◆ **TASK REQUIREMENTS**: Please return all lines from the records below that include the string "lambda".

Saved data entries
* * * * * * * * *

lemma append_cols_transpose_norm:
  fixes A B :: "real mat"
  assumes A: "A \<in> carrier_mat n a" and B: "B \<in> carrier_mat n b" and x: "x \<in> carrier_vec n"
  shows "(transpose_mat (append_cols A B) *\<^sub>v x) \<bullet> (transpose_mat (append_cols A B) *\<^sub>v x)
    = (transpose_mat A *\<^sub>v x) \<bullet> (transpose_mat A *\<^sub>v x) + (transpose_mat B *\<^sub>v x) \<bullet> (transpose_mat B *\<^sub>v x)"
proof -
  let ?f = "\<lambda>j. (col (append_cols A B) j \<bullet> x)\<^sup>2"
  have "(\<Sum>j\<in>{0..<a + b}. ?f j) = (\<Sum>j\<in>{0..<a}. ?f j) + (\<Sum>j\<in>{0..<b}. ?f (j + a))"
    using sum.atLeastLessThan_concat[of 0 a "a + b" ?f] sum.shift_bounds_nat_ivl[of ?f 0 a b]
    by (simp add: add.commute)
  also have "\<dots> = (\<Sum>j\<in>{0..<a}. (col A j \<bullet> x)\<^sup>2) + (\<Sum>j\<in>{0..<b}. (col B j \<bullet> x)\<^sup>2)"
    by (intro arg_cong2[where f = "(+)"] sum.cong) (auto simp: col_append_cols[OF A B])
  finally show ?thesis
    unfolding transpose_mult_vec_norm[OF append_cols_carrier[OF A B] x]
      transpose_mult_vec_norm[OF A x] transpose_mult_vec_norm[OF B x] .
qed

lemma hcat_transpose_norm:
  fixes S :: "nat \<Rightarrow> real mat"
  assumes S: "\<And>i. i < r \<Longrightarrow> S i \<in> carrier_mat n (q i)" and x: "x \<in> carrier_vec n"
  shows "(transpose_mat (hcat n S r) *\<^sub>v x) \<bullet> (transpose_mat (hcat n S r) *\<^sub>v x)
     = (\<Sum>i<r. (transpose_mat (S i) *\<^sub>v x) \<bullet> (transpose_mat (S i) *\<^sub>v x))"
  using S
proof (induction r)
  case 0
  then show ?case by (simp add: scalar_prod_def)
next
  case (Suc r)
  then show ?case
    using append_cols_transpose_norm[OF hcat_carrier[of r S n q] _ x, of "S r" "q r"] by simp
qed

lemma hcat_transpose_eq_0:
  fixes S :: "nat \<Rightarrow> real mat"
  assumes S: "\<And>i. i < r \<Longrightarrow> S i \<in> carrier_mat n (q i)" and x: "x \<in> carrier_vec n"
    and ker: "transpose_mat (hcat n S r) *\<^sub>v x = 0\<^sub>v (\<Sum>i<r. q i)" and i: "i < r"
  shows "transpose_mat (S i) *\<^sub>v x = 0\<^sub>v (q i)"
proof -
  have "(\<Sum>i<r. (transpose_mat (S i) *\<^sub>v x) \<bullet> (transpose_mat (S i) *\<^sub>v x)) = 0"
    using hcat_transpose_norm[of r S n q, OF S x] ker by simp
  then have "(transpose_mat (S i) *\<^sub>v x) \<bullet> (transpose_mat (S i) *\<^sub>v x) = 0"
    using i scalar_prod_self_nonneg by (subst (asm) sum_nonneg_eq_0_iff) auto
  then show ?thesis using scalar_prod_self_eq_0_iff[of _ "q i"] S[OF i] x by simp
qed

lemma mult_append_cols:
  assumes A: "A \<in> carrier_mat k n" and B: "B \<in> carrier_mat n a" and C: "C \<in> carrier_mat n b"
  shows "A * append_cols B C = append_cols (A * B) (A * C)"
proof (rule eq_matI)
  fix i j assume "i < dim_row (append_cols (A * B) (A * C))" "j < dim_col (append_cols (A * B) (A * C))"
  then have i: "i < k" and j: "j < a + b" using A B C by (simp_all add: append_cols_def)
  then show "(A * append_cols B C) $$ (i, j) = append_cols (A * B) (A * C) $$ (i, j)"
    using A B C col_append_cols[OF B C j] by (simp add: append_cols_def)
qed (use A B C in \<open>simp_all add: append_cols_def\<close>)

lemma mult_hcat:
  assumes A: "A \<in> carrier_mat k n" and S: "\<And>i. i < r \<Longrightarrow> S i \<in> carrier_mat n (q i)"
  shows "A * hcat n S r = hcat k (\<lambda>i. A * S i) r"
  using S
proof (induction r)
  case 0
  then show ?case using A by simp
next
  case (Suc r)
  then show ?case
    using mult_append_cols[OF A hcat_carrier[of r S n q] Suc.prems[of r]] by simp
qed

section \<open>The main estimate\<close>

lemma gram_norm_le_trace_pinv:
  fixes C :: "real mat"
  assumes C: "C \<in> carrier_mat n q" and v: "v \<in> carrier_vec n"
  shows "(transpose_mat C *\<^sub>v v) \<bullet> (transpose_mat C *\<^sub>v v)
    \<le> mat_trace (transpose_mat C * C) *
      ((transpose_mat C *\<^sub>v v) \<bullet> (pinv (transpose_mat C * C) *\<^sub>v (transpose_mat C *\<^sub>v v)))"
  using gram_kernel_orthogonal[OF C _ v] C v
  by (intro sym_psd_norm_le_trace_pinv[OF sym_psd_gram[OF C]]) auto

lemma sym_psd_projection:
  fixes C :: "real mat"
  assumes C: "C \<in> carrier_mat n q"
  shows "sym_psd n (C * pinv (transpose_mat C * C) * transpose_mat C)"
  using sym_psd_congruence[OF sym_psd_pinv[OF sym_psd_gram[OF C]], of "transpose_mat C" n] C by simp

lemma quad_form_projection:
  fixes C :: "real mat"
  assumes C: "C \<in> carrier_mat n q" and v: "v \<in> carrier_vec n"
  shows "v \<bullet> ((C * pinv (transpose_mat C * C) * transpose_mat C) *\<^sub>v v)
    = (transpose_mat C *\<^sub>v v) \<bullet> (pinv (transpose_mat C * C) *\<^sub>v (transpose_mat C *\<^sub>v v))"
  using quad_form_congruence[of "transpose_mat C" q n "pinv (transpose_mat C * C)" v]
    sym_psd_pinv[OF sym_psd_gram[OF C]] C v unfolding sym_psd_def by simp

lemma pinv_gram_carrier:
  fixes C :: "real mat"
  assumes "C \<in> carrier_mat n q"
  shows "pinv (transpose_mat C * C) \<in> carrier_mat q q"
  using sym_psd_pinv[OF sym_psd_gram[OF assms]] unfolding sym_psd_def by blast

* * * * * * * * *

◆ **EXERCISE SOLUTION**:
  let ?f = "\<lambda>j. (col (append_cols A B) j \<bullet> x)\<^sup>2"
  shows "A * hcat n S r = hcat k (\<lambda>i. A * S i) r"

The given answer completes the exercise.